Italian Spaghetti Ingredients
- Spaghetti 250 g
- Red tomatoes 400 g
- Olive oil 4 tbsp. spoons
- Pitted olives 50 g
- Capers 20 g
- Basil fresh small bunch
- Garlic 1-2 cloves
- Butter 30 g
- Salt to taste
- Sugar 1/2 tsp
- Ground black pepper to taste
- Main ingredients: Tomato, Garlic, Pasta, Greens
- Serving 4 servings
- World CuisineItalian Cuisine
Knife, Cutting board, Bowl, Colander, Frying pan, Shovel, Fork, Dining spoon, Tea spoon, Deep plate
Italian spaghetti cooking:
Step 1: Prepare the tomatoes.
The "secret" ingredient in a delicious tomato sauce is high-quality, red and very ripe tomatoes, best of all unpainted ones. Of course, it’s not always possible to buy them, especially when it’s not the season. In this case, use canned in your own juice. Still better than the tasteless greenhouse tomatoes that are sold in supermarkets.
It is necessary to remove the skin from fresh tomatoes before cooking. To do this, make a cross-shaped incision on each and pour boiling water over it. Now it will be very easy to clean them: pull off the edge of the skin and remove it.
Cut the tomatoes into small cubes and transfer them to a deep plate.
Step 2: Prepare the garlic, olives and basil.
Peel the garlic and chop finely.
Olives can be cut in half, into four parts or in circles. Do as you like best.
Basil is green or purple. There are no fundamental differences between them. Someone likes the first, someone like the second. I like more green, and it looks better in the finished dish. So, my basil and finely chop.
Step 3: Cook the Italian spaghetti.
Now you need to simultaneously perform two actions: cook spaghetti and prepare the sauce.
We put a pot of water on the stove, heat to a boil and put the spaghetti. Do not forget to salt a little water. Mix them and cook over medium heat for about 10-12 minutes. The exact cooking time is indicated by the manufacturer on the packaging. Then turn off the fire, cover the pan with a lid and let the spaghetti brew for 3-4 minutes. We discard them in a colander, wait until all the water has drained, and return them back to the pan. Add a slice of butter and mix.

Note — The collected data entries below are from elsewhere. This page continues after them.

lemma qpoch_inf_even_odd:
  assumes "q $ 0 = 0"
  shows "qpoch_inf A q = qpoch_inf A (q ^ 2) * qpoch_inf (A * q) (q ^ 2)"
proof (rule fps_eq_if_cong)
  fix K
  have q2: "(q ^ 2) $ 0 = 0"
    using assms by simp
  have "fps_cong K (qpoch_inf A q) (qpoch A q (2 * K))"
    by (rule fps_cong_qpoch_inf[OF assms]) simp
  also have "qpoch A q (2 * K) = qpoch A (q ^ 2) K * qpoch (A * q) (q ^ 2) K"
    by (rule qpoch_even_odd)
  also have "fps_cong K \<dots> (qpoch_inf A (q ^ 2) * qpoch_inf (A * q) (q ^ 2))"
    by (intro fps_cong_mult; rule fps_cong_sym, rule fps_cong_qpoch_inf[OF q2]) simp_all
  finally show "fps_cong K (qpoch_inf A q) (qpoch_inf A (q ^ 2) * qpoch_inf (A * q) (q ^ 2))" .
qed

lemma qpoch_inf_mult_uminus:
  assumes "q $ 0 = 0"
  shows "qpoch_inf A q * qpoch_inf (- A) q = qpoch_inf (A ^ 2) (q ^ 2)"
proof (rule fps_eq_if_cong)
  fix K
  have q2: "(q ^ 2) $ 0 = 0"
    using assms by simp
  have "fps_cong K (qpoch_inf A q * qpoch_inf (- A) q) (qpoch A q K * qpoch (- A) q K)"
    by (intro fps_cong_mult fps_cong_qpoch_inf[OF assms]) simp_all
  also have "qpoch A q K * qpoch (- A) q K = qpoch (A ^ 2) (q ^ 2) K"
    by (rule qpoch_mult_uminus)
  also have "fps_cong K \<dots> (qpoch_inf (A ^ 2) (q ^ 2))"
    by (rule fps_cong_sym, rule fps_cong_qpoch_inf[OF q2]) simp
  finally show "fps_cong K (qpoch_inf A q * qpoch_inf (- A) q) (qpoch_inf (A ^ 2) (q ^ 2))" .
qed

We make tomato sauce parallel to cooking spaghetti. So they will be ready at the same time and will not have to wait long. So, put the pan on the fire, pour olive oil and heat a little. We put chopped tomatoes and garlic, sauté everything for about 5-7 minutes. During this time, the tomatoes will soften enough, and you can easily turn them with a fork in mashed potatoes. If you want the sauce to have a more uniform consistency, use a blender. But for this you will have to shift the tomatoes from the pan into its bowl (or suitable dishes, if it is portable) and vice versa.

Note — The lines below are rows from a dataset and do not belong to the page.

(* Fix $\alpha_0>d/2$. Then for any $s\ge\alpha_0$ and $X,Y\in\mathcal M^s$, $$\|XY\|_s\le K_0\|X\|_{\alpha_0}\|Y\|_s+K_1\|X\|_s\|Y\|_{\alpha_0},$$ where $$K_0=\sqrt{20\sum_{\mathbf k\in\mathbb Z^d}\langle\mathbf k\rangle^{-2\alpha_0}},\qquad K_1=K_1(s)=(1-10^{-\frac{1}{2s}})^{-s}\sqrt{2\sum_{\mathbf k\in\mathbb Z^d}\langle\mathbf k\rangle^{-2\alpha_0}}.$$
   Context: Let $d\ge1$; $|\mathbf k|=\max_v|k_v|$, $\langle\mathbf k\rangle=\max\{1,|\mathbf k|\}$. $(\mathfrak B,\|\cdot\|_{\mathfrak B})$ is a Banach algebra of complex sequences indexed by $\mathbb Z^d$, with pointwise operations, containing the constant sequence $1$ with norm $1$, and translation invariant ($\|\sigma_{\mathbf j}a\|_{\mathfrak B}=\|a\|_{\mathfrak B}$ where $(\sigma_{\mathbf j}a)_{\mathbf i}=a_{\mathbf i-\mathbf j}$). $\mathcal M$ is the set of matrices $A=(a_{\mathbf i,\mathbf j})_{\mathbf i,\mathbf j\in\mathbb Z^d}$ whose $\mathbf k$-diagonals $A_{\mathbf k}=(a_{\mathbf i,\mathbf i-\mathbf k})_{\mathbf i}$ belong to $\mathfrak B$; $\|A\|_s^2=\sum_{\mathbf k}\|A_{\mathbf k}\|_{\mathfrak B}^2\langle\mathbf k\rangle^{2s}$ and $\mathcal M^s=\{A\in\mathcal M:\|A\|_s<\infty\}$. $XY$ is the matrix product $(XY)_{\mathbf i,\mathbf j}=\sum_{\mathbf m}X_{\mathbf i,\mathbf m}Y_{\mathbf m,\mathbf j}$. *)

theory Defs
  imports "HOL-Analysis.Analysis"
begin

text \<open>Indices in Z^d are functions 'd \<Rightarrow> int with 'd a finite (nonempty) type, d = CARD('d).
 Sequences are functions (('d \<Rightarrow> int) \<Rightarrow> complex).\<close>

type_synonym 'd seq = "('d \<Rightarrow> int) \<Rightarrow> complex"
type_synonym 'd mat = "('d \<Rightarrow> int) \<Rightarrow> ('d \<Rightarrow> int) \<Rightarrow> complex"

definition supnorm_idx :: "('d::finite \<Rightarrow> int) \<Rightarrow> int" where
  "supnorm_idx k = Max (range (\<lambda>v. \<bar>k v\<bar>))"

definition jbr :: "('d::finite \<Rightarrow> int) \<Rightarrow> real" where
  "jbr k = real_of_int (max 1 (supnorm_idx k))"

definition shift :: "('d \<Rightarrow> int) \<Rightarrow> 'd seq \<Rightarrow> 'd seq" where
  "shift j a = (\<lambda>i. a (\<lambda>v. i v - j v))"

definition seq_banach_algebra :: "'d seq set \<Rightarrow> ('d seq \<Rightarrow> real) \<Rightarrow> bool" where
  "seq_banach_algebra B N \<longleftrightarrow>
     (\<lambda>_. 0) \<in> B \<and>
     (\<forall>a\<in>B. \<forall>b\<in>B. (\<lambda>i. a i + b i) \<in> B) \<and>
     (\<forall>a\<in>B. \<forall>c. (\<lambda>i. c * a i) \<in> B) \<and>
     (\<forall>a\<in>B. \<forall>b\<in>B. (\<lambda>i. a i * b i) \<in> B) \<and>
     (\<forall>a\<in>B. N a \<ge> 0) \<and>
     (\<forall>a\<in>B. N a = 0 \<longleftrightarrow> a = (\<lambda>_. 0)) \<and>
     (\<forall>a\<in>B. \<forall>b\<in>B. N (\<lambda>i. a i + b i) \<le> N a + N b) \<and>
     (\<forall>a\<in>B. \<forall>c. N (\<lambda>i. c * a i) = cmod c * N a) \<and>
     (\<forall>a\<in>B. \<forall>b\<in>B. N (\<lambda>i. a i * b i) \<le> N a * N b) \<and>
     (\<forall>f. (\<forall>n. f n \<in> B) \<and>
          (\<forall>e>0. \<exists>M. \<forall>m\<ge>M. \<forall>n\<ge>M. N (\<lambda>i. f m i - f n i) < e)
          \<longrightarrow> (\<exists>a\<in>B. (\<lambda>n. N (\<lambda>i. f n i - a i)) \<longlonglongrightarrow> 0)) \<and>
     (\<lambda>_. 1) \<in> B \<and> N (\<lambda>_. 1) = 1 \<and>
     (\<forall>a\<in>B. \<forall>j. shift j a \<in> B \<and> N (shift j a) = N a)"

definition diag :: "'d mat \<Rightarrow> ('d \<Rightarrow> int) \<Rightarrow> 'd seq" where
  "diag A k = (\<lambda>i. A i (\<lambda>v. i v - k v))"

definition in_M :: "'d seq set \<Rightarrow> 'd mat \<Rightarrow> bool" where
  "in_M B A \<longleftrightarrow> (\<forall>k. diag A k \<in> B)"

definition msnorm :: "('d::finite seq \<Rightarrow> real) \<Rightarrow> real \<Rightarrow> 'd mat \<Rightarrow> real" where
  "msnorm N s A = sqrt (\<Sum>\<^sub>\<infinity>k. (N (diag A k))\<^sup>2 * jbr k powr (2 * s))"

definition in_Ms :: "'d::finite seq set \<Rightarrow> ('d seq \<Rightarrow> real) \<Rightarrow> real \<Rightarrow> 'd mat \<Rightarrow> bool" where
  "in_Ms B N s A \<longleftrightarrow> in_M B A \<and> (\<lambda>k. (N (diag A k))\<^sup>2 * jbr k powr (2 * s)) summable_on UNIV"

definition mprod :: "'d mat \<Rightarrow> 'd mat \<Rightarrow> 'd mat" where
  "mprod X Y = (\<lambda>i j. \<Sum>\<^sub>\<infinity>m. X i m * Y m j)"

end

theory Submission
  imports Defs "HOL-Library.Function_Algebras"
begin

(* The k-th diagonal of XY is the series over l of X_l times the shift of Y_(k-l) by l.
   Entries of an element of the algebra are bounded by its norm (otherwise a Neumann series
   would invert a sequence with a zero entry), so by completeness the series converges in the
   algebra and N((XY)_k) <= (x * y)_k, the convolution of x_l = N(X_l) and y_l = N(Y_l).
   It remains to bound the weighted l2 norm of the convolution of two nonnegative sequences.
   Splitting <k>^s <= sqrt 10 <k-l>^s + K <l>^s, with K = (1 - 10^(-1/(2s)))^(-s), moves the
   weight onto one factor; Young's inequality |a * b|_2 <= |a|_1 |b|_2 handles each half,
   and Cauchy-Schwarz gives |x|_1^2 <= (sum_k <k>^(-2 alpha0)) |x|_alpha0^2, which is finite
   because 2 alpha0 > d. *)

text \<open>These sets turn unordered sums into limits of sequences, which is the form in which the
  completeness of \<open>seq_banach_algebra\<close> is stated.\<close>
definition enum_prefix :: "nat \<Rightarrow> 'a::countable set" where
  "enum_prefix n = {x. to_nat x < n}"

lemma finite_enum_prefix: "finite (enum_prefix n :: 'a::countable set)"
proof -
  have "(enum_prefix n :: 'a set) = to_nat -` {..<n}" unfolding enum_prefix_def by auto
  then show ?thesis by (simp add: finite_vimageI inj_to_nat)
qed

lemma enum_prefix_mono: "n \<le> m \<Longrightarrow> enum_prefix n \<subseteq> enum_prefix m"
  unfolding enum_prefix_def by auto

Now we have tomato puree, add salt, sugar, spices. Mix and try. You should get a harmonious balance of sour and sweet. The amount of sugar depends on the taste of tomatoes. Now add the olives and capers, warm everything for about 2-3 minutes.

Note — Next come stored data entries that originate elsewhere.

lemma ordered_partition_mem_block:
  assumes "ordered_partition n k bs" "j < k" "m \<in> bs ! j"
  shows "\<exists>i<n. m = Suc i \<and> block_word n k bs ! i = j"
proof -
  have "m \<in> {1..n}"
    using ordered_partition_block_subset[OF assms(1,2)] assms(3) by blast
  then obtain i where "m = Suc i" "i < n"
    by (cases m) auto
  with assms show ?thesis
    using block_word_nth_eq by blast
qed

lemma blocks_block_word:
  assumes "ordered_partition n k bs"
  shows "blocks k (block_word n k bs) = bs"
proof (rule nth_equalityI)
  show "length (blocks k (block_word n k bs)) = length bs"
    using assms by (simp add: ordered_partition_def)
  fix j assume "j < length (blocks k (block_word n k bs))"
  then have "j < k" by simp
  show "blocks k (block_word n k bs) ! j = bs ! j"
  proof (intro equalityI subsetI)
    fix m assume "m \<in> blocks k (block_word n k bs) ! j"
    then show "m \<in> bs ! j"
      using \<open>j < k\<close> block_word_nth[OF assms] by (auto simp: mem_blocks)
  next
    fix m assume "m \<in> bs ! j"
    then show "m \<in> blocks k (block_word n k bs) ! j"
      using \<open>j < k\<close> ordered_partition_mem_block[OF assms] by (simp add: mem_blocks)
  qed
qed

lemma set_block_word:
  assumes "ordered_partition n k bs"
  shows "set (block_word n k bs) = {..<k}"
proof (intro equalityI subsetI)
  fix j assume "j \<in> set (block_word n k bs)"
  then show "j \<in> {..<k}"
    using block_word_nth[OF assms] by (auto simp: in_set_conv_nth)
next
  fix j assume "j \<in> {..<k}"
  then obtain m where "m \<in> bs ! j"
    using assms unfolding ordered_partition_def by blast
  then obtain i where "i < n" "block_word n k bs ! i = j"
    using \<open>j \<in> {..<k}\<close> ordered_partition_mem_block[OF assms] by blast
  then show "j \<in> set (block_word n k bs)"
    using nth_mem by fastforce
qed

lemma ordered_partitions_eq_image_blocks:
  "{bs. ordered_partition n k bs} = blocks k ` {w. length w = n \<and> set w = {..<k}}"
proof (intro equalityI subsetI)
  fix bs assume "bs \<in> {bs. ordered_partition n k bs}"
  then have "bs = blocks k (block_word n k bs)" "set (block_word n k bs) = {..<k}"
    using blocks_block_word set_block_word by simp_all
  then show "bs \<in> blocks k ` {w. length w = n \<and> set w = {..<k}}"
    by (intro image_eqI[of _ _ "block_word n k bs"]) simp_all
qed (auto intro: ordered_partition_blocks)

lemma subseq_Cons_iff_nth:
  "subseq (x # xs) ys \<longleftrightarrow> (\<exists>i<length ys. ys ! i = x \<and> subseq xs (drop (Suc i) ys))"
proof (induction ys)
  case (Cons y ys)
  have split_first: "(\<exists>i<length (y # ys). (y # ys) ! i = x \<and> subseq xs (drop (Suc i) (y # ys))) \<longleftrightarrow>
      (y = x \<and> subseq xs ys) \<or> (\<exists>i<length ys. ys ! i = x \<and> subseq xs (drop (Suc i) ys))"
    by (simp add: Ex_less_Suc2)
  show ?case
  proof (cases "x = y")
    case True
    have "subseq xs (drop (Suc i) ys) \<Longrightarrow> subseq xs ys" for i
      using list_emb_suffix suffix_drop by blast
    then show ?thesis
      unfolding split_first using True by auto
  next
    case False
    then show ?thesis
      unfolding split_first using Cons.IH by simp
  qed
qed simp
lemma group_G: "group G"
  and i_mon: "i \<in> mon A U"
  and j_epi: "j \<in> epi U G"
  and i_image: "i ` carrier A = {u \<in> carrier U. j u = \<one>\<^bsub>G\<^esub>}"
  using group_extension unfolding group_extension_def by auto

sublocale G: group G by (fact group_G)

lemma j_hom: "j \<in> hom U G"
  using j_epi by (simp add: epi_def)

lemma j_closed [simp]: "u \<in> carrier U \<Longrightarrow> j u \<in> carrier G"
  using hom_in_carrier[OF j_hom] .

lemma j_mult [simp]: "u \<in> carrier U \<Longrightarrow> v \<in> carrier U \<Longrightarrow> j (u \<otimes> v) = j u \<otimes>\<^bsub>G\<^esub> j v"
  using hom_mult[OF j_hom] .

lemma j_sinv [simp]: "u \<in> carrier U \<Longrightarrow> j (sinv u) = inv\<^bsub>G\<^esub> j u"
  using hom_sinv[OF group_G j_hom] .

lemma kernel_commutes_with_idems:
  assumes e: "e \<in> idems U" and a: "a \<in> carrier U" "j a = \<one>\<^bsub>G\<^esub>"
  shows "e \<otimes> a = a \<otimes> e"
proof -
  have i_mult: "\<And>x y. x \<in> carrier A \<Longrightarrow> y \<in> carrier A \<Longrightarrow> i (x \<otimes>\<^bsub>A\<^esub> y) = i x \<otimes> i y"
    and inj: "inj_on i (carrier A)"
    using i_mon unfolding mon_def hom_def by auto
  have A_closed: "\<And>x y. x \<in> carrier A \<Longrightarrow> y \<in> carrier A \<Longrightarrow> x \<otimes>\<^bsub>A\<^esub> y \<in> carrier A"
    using semilattice_of_groups_A
    unfolding semilattice_of_groups_def inverse_semigroup_def semigroup_on_def by blast
  have ec: "e \<in> carrier U" "e \<otimes> e = e" using e by (auto simp: idems_def)
  obtain x where x: "x \<in> carrier A" "e = i x"
    using i_image hom_idem_eq_one[OF group_G j_hom e] ec by auto
  obtain y where y: "y \<in> carrier A" "a = i y" using i_image a by auto
  have "i (x \<otimes>\<^bsub>A\<^esub> x) = i x" using i_mult x ec by simp
  then have "x \<in> idems A" using inj x A_closed by (auto simp: idems_def dest: inj_onD)
  then have "x \<otimes>\<^bsub>A\<^esub> y = y \<otimes>\<^bsub>A\<^esub> x"
    using semilattice_of_groups_A y unfolding semilattice_of_groups_def by blast
  then show ?thesis using i_mult x y by metis
qed
definition wedge_norm :: "('m \<Rightarrow> real^'n^'n) \<Rightarrow> 'm \<Rightarrow> real^'n \<Rightarrow> real^'n \<Rightarrow> real" where
  "wedge_norm G x v w = sqrt (ip G x v v * ip G x w w - (ip G x v w)\<^sup>2)"

definition riem_metric :: "('m \<Rightarrow> real^'n^'n) \<Rightarrow> bool" where
  "riem_metric G \<longleftrightarrow> (\<forall>x. transpose (G x) = G x \<and> (\<forall>v. v \<noteq> 0 \<longrightarrow> ip G x v v > 0))"

definition flow_cocycle :: "(real \<Rightarrow> 'm \<Rightarrow> 'm) \<Rightarrow> (real \<Rightarrow> 'm \<Rightarrow> real^'n^'n) \<Rightarrow> ('m \<Rightarrow> real^'n) \<Rightarrow> bool" where
  "flow_cocycle f Df X \<longleftrightarrow>
     (\<forall>x. f 0 x = x) \<and> (\<forall>s t x. f (s + t) x = f s (f t x)) \<and>
     (\<forall>x. Df 0 x = mat 1) \<and> (\<forall>s t x. Df (s + t) x = Df s (f t x) ** Df t x) \<and>
     (\<forall>x. X x \<noteq> 0) \<and> (\<forall>t x. Df t x *v X x = X (f t x))"

text \<open>The flow preserves the volume form induced by G (in the trivialisation the volume
 form at x is sqrt(det G x) times the standard determinant).\<close>
definition preserves_volume :: "(real \<Rightarrow> 'm \<Rightarrow> 'm) \<Rightarrow> (real \<Rightarrow> 'm \<Rightarrow> real^'n^'n) \<Rightarrow> ('m \<Rightarrow> real^'n^'n) \<Rightarrow> bool" where
  "preserves_volume f Df G \<longleftrightarrow>
     (\<forall>t x. sqrt (det (G (f t x))) * det (Df t x) = sqrt (det (G x)))"

definition anosov :: "(real \<Rightarrow> 'm \<Rightarrow> 'm) \<Rightarrow> (real \<Rightarrow> 'm \<Rightarrow> real^'n^'n) \<Rightarrow> ('m \<Rightarrow> real^'n)
    \<Rightarrow> ('m \<Rightarrow> (real^'n) set) \<Rightarrow> ('m \<Rightarrow> (real^'n) set) \<Rightarrow> ('m \<Rightarrow> real^'n^'n)
    \<Rightarrow> real \<Rightarrow> real \<Rightarrow> real \<Rightarrow> real \<Rightarrow> real \<Rightarrow> bool" where
  "anosov f Df X Ess Euu G c mum mup lam lap \<longleftrightarrow>
     flow_cocycle f Df X \<and>
     (\<forall>x. subspace (Ess x) \<and> subspace (Euu x) \<and>
          dim (Ess x) + dim (Euu x) + 1 = CARD('n) \<and>
          span (Ess x \<union> Euu x \<union> {X x}) = UNIV) \<and>
     (\<forall>t x. (\<lambda>v. Df t x *v v) ` Ess x = Ess (f t x) \<and> (\<lambda>v. Df t x *v v) ` Euu x = Euu (f t x)) \<and>
     c > 0 \<and> 0 < mum \<and> mum \<le> mup \<and> mup < 1 \<and> 1 < lam \<and> lam \<le> lap \<and>
     (\<forall>x v t. v \<in> Ess x \<longrightarrow> t \<ge> 0 \<longrightarrow>
        (1/c) * mum powr t * nrm G x v \<le> nrm G (f t x) (Df t x *v v) \<and>
        nrm G (f t x) (Df t x *v v) \<le> c * mup powr t * nrm G x v) \<and>
     (\<forall>x w t. w \<in> Euu x \<longrightarrow> t \<ge> 0 \<longrightarrow>
        (1/c) * lam powr t * nrm G x w \<le> nrm G (f t x) (Df t x *v w) \<and>
        nrm G (f t x) (Df t x *v w) \<le> c * lap powr t * nrm G x w)"

end

theory Submission imports Defs begin

text \<open>Let \<open>y = f\<^sub>-\<^sub>t x\<close>, \<open>u = Tf\<^sub>-\<^sub>t v\<close>, \<open>u' = Tf\<^sub>-\<^sub>t w\<close> and \<open>A = Tf\<^sub>t\<close> at \<open>y\<close>. Since the splitting is
 \<open>\<R>'\<close>-orthogonal, both wedge norms are products of \<open>\<R>'\<close>-lengths. Complete \<open>u/\<parallel>u\<parallel>'\<close>,
 \<open>u'/\<parallel>u'\<parallel>'\<close> and \<open>X(y)\<close> to an \<open>\<R>'\<close>-orthonormal basis of \<open>T\<^sub>yM\<close> adapted to the splitting. By
 Hadamard's inequality the \<open>\<Omega>'\<close>-volume of the image under \<open>A\<close> of this basis, which is
 \<open>\<phi>(x)/\<phi>(y)\<close> because \<open>\<Omega>\<close> is preserved, is at most the product of the \<open>\<R>'\<close>-lengths of the
 images: \<open>1\<close> for \<open>X\<close>, \<open>\<parallel>v\<parallel>'/\<parallel>u\<parallel>'\<close> and \<open>\<parallel>w\<parallel>'/\<parallel>u'\<parallel>'\<close> for the two distinguished vectors, and at
 most \<open>bc\<mu>\<^sub>+\<^sup>t\<close> resp. \<open>bc\<lambda>\<^sub>+\<^sup>t\<close> for the remaining \<open>n - 3\<close> ones.\<close>

section \<open>Positive definite matrices and Hadamard's inequality\<close>

definition pos_def :: "real^'n^'n \<Rightarrow> bool" where
  "pos_def B \<longleftrightarrow> transpose B = B \<and> (\<forall>x. x \<noteq> 0 \<longrightarrow> x \<bullet> (B *v x) > 0)"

Last lay the basil, mix the sauce and immediately turn off the fire. Leave it to insist a little and cool.
Step 4: Serve Italian Spaghetti.
We spread the spaghetti in plates, on top - tomato sauce. Grated cheese is not superfluous, but this is not necessary.
Enjoy your meal!
- lovers of hot can add chili pepper to the sauce, cut it into small pieces and sauté with tomatoes and garlic. If you do not want to feel like a fire-breathing dragon, remove the seeds from the pepper, there will be only pleasant sharpness, taste and aroma;
- 2 tablespoons of soy sauce can be added to tomato sauce. This, of course, is not Italian, but it will turn out very tasty.